Meine Erfahrung mit solchen Kaufentscheidungen ist, dass Käufer die Optik überbewerten und den Schornstein zu spät prüfen. Ein schönes Modell mit falschem Förderdruck oder zu hoher Leistung macht im Alltag mehr Ärger als ein schlichter Ofen, dessen Technik zum Gebäude passt.
Die schnellste Entscheidungshilfe für den passenden Ofen
Für eine belastbare Auswahl gehe ich in dieser Reihenfolge vor. Zuerst wird geklärt, ob es um einen neuen Ofen, ein gebrauchtes Gerät oder die Weiterverwendung einer Altanlage geht. Danach folgen die technische Prüfung und erst am Ende die Entscheidung über Design und Ausstattung.
- Neukauf: Nur Modelle mit eindeutigem Stufe-2-Nachweis und passender Leistung berücksichtigen.
- Gebrauchtkauf: Typenschild, Artikelnummer und HKI-CERT-Eintrag vor der Zahlung vergleichen.
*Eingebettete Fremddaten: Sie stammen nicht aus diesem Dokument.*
(* For every $\epsilon>0$ there exists a constant $c_{\epsilon,1}>0$ (depending on $\epsilon$ but not on $m$) such that for every $n\ge1$, \[P\left(\max_{t\in[-1,1]}|D_n(t)-G_m(t)|>\epsilon\right)\le c_{\epsilon,1}\exp\left(-\frac{\epsilon^2}{2}n\right).\] In particular, $\lim_{n\to\infty}\max_{t\in[-1,1]}|D_n(t)-G_m(t)|=0$ $P$-a.s.
   Context: Fix $m>1/2$. Let $c_m:=\left(\int_{\mathbb R}(1+x^2)^{-m}dx\right)^{-1}$ and $\nu_m(dx):=c_m(1+x^2)^{-m}dx$. Let $(X_n)_{n\ge1}$ be i.i.d. random variables on $(\Omega,\mathcal F,P)$ with law $\nu_m$. Let $D(x,t):=\dfrac{x-t}{1+(x-t)^2}$ for $x,t\in\mathbb R$, $D_n(t):=\frac1n\sum_{i=1}^nD(X_i,t)$, and $G_m(t):=\int_{\mathbb R}D(x,t)\,\nu_m(dx)$. *)

theory Defs
  imports "HOL-Probability.Probability"
begin

definition c_m :: "real \<Rightarrow> real" where
  "c_m m = 1 / (LBINT x. (1 + x\<^sup>2) powr (-m))"

definition nu_m :: "real \<Rightarrow> real measure" where
  "nu_m m = density lborel (\<lambda>x. ennreal (c_m m * (1 + x\<^sup>2) powr (-m)))"

definition D :: "real \<Rightarrow> real \<Rightarrow> real" where
  "D x t = (x - t) / (1 + (x - t)\<^sup>2)"

definition D_n :: "(nat \<Rightarrow> 'a \<Rightarrow> real) \<Rightarrow> nat \<Rightarrow> real \<Rightarrow> 'a \<Rightarrow> real" where
  "D_n X n t \<omega> = (1 / real n) * (\<Sum>i=1..n. D (X i \<omega>) t)"

definition G_m :: "real \<Rightarrow> real \<Rightarrow> real" where
  "G_m m t = (\<integral>x. D x t \<partial>nu_m m)"

definition iid_nu :: "'a measure \<Rightarrow> real \<Rightarrow> (nat \<Rightarrow> 'a \<Rightarrow> real) \<Rightarrow> bool" where
  "iid_nu M m X \<longleftrightarrow> prob_space M \<and>
     (\<forall>i\<ge>1. X i \<in> borel_measurable M \<and> distr M borel (X i) = nu_m m) \<and>
     prob_space.indep_vars M (\<lambda>_. borel) X {1..}"

end

theory Submission
  imports Defs
begin

(* For every sample w, both t |-> D_n X n t w and G_m m are 1-Lipschitz and bounded by 1/2.
   So a deviation larger than e somewhere on [-1,1] forces a deviation of at least e/2 at some
   point of an e/4-grid of [-1,1], which has at most ceil(8/e) + 1 points. Hoeffding's
   inequality for the independent summands D (X i) s, which take values in [-1/2,1/2], bounds
   each of these grid events by 2 exp(-n e^2/2); a union bound gives the estimate, with a
   constant that does not depend on m. The bounds are summable in n, so Borel-Cantelli gives
   almost sure convergence. *)

lemma measurable_D [measurable]: "(\<lambda>x. D x t) \<in> borel_measurable borel"
  unfolding D_def by measurable

lemma abs_D_le: "\<bar>D x t\<bar> \<le> 1/2"
proof -
  have "2 * \<bar>x - t\<bar> \<le> 1 + (x - t)\<^sup>2"
    using zero_le_power2[of "\<bar>x - t\<bar> - 1"] by (simp add: power2_diff)
  moreover have "0 < 1 + (x - t)\<^sup>2"
    by (simp add: add_pos_nonneg)
  ultimately show ?thesis
    unfolding D_def by (simp add: abs_divide divide_le_eq)
qed

lemma D_lipschitz: "\<bar>D x t - D x s\<bar> \<le> \<bar>t - s\<bar>"
proof -
  define u v where "u = x - t" and "v = x - s"
  have pu: "0 < 1 + u\<^sup>2" and pv: "0 < 1 + v\<^sup>2"
    by (simp_all add: add_pos_nonneg)
  then have pos: "0 < (1 + u\<^sup>2) * (1 + v\<^sup>2)"
    by simp
  have diff: "D x t - D x s = (v - u) * (u * v - 1) / ((1 + u\<^sup>2) * (1 + v\<^sup>2))"
    unfolding D_def u_def[symmetric] v_def[symmetric] using pu pv
    by (simp add: field_simps power2_eq_square)
  have "2 * \<bar>u * v\<bar> \<le> u\<^sup>2 + v\<^sup>2"
    using zero_le_power2[of "\<bar>u\<bar> - \<bar>v\<bar>"] by (simp add: power2_diff abs_mult)
  moreover have "(1 + u\<^sup>2) * (1 + v\<^sup>2) = 1 + u\<^sup>2 + v\<^sup>2 + u\<^sup>2 * v\<^sup>2"
    by (simp add: algebra_simps)
  moreover have "\<bar>u * v - 1\<bar> \<le> \<bar>u * v\<bar> + 1"
    using abs_triangle_ineq4[of "u * v" 1] by simp
  moreover have "0 \<le> u\<^sup>2 * v\<^sup>2"
    by simp
  ultimately have "\<bar>u * v - 1\<bar> \<le> (1 + u\<^sup>2) * (1 + v\<^sup>2)"
    using abs_ge_zero[of "u * v"] by linarith
  then have "\<bar>v - u\<bar> * \<bar>u * v - 1\<bar> / ((1 + u\<^sup>2) * (1 + v\<^sup>2)) \<le> \<bar>v - u\<bar>"
    using pos by (simp add: divide_le_eq mult_left_mono)
  then show ?thesis
    using pos by (simp add: diff abs_mult abs_divide u_def v_def)
qed

lemma abs_D_n_le: "\<bar>D_n X n t \<omega>\<bar> \<le> 1/2"
proof -
  have "\<bar>D_n X n t \<omega>\<bar> = (1 / real n) * \<bar>\<Sum>i=1..n. D (X i \<omega>) t\<bar>"
    unfolding D_n_def by (simp add: abs_mult)
  also have "\<dots> \<le> (1 / real n) * (\<Sum>i=1..n. 1/2)"
    by (intro mult_left_mono order_trans[OF sum_abs] sum_mono abs_D_le) simp
  also have "\<dots> \<le> 1/2"
    by (cases "n = 0") simp_all
  finally show ?thesis .
qed

lemma D_n_lipschitz: "\<bar>D_n X n t \<omega> - D_n X n s \<omega>\<bar> \<le> \<bar>t - s\<bar>"
proof -
  have "\<bar>D_n X n t \<omega> - D_n X n s \<omega>\<bar> = (1 / real n) * \<bar>\<Sum>i=1..n. D (X i \<omega>) t - D (X i \<omega>) s\<bar>"
  proof -
    have "D_n X n t \<omega> - D_n X n s \<omega> = (1 / real n) * (\<Sum>i=1..n. D (X i \<omega>) t - D (X i \<omega>) s)"
      unfolding D_n_def by (simp add: sum_subtractf algebra_simps)
    then show ?thesis
      by (simp add: abs_mult)
  qed
  also have "\<dots> \<le> (1 / real n) * (\<Sum>i=1..n. \<bar>t - s\<bar>)"
    by (intro mult_left_mono order_trans[OF sum_abs] sum_mono D_lipschitz) simp
  also have "\<dots> \<le> \<bar>t - s\<bar>"
    by (cases "n = 0") simp_all
  finally show ?thesis .
qed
- Altgerät: Baujahr, Übergangsfrist und mögliche Ausnahmen mit dem Bezirksschornsteinfeger klären.
- Einbau: Schornstein, Verbrennungsluft, Abstände und Mehrfachbelegung prüfen lassen.
- Betrieb: Trockenes Holz verwenden und den Ofen nicht dauerhaft im Schwelbetrieb laufen lassen.
Damit wird aus einer bloßen Modellliste eine sichere Entscheidung. Die BImSchV Stufe 2 ist der notwendige rechtliche Mindeststandard, aber ein wirklich guter Kaminofen entsteht erst durch das Zusammenspiel von sauberer Verbrennung, passender Leistung und fachgerechter Abnahme.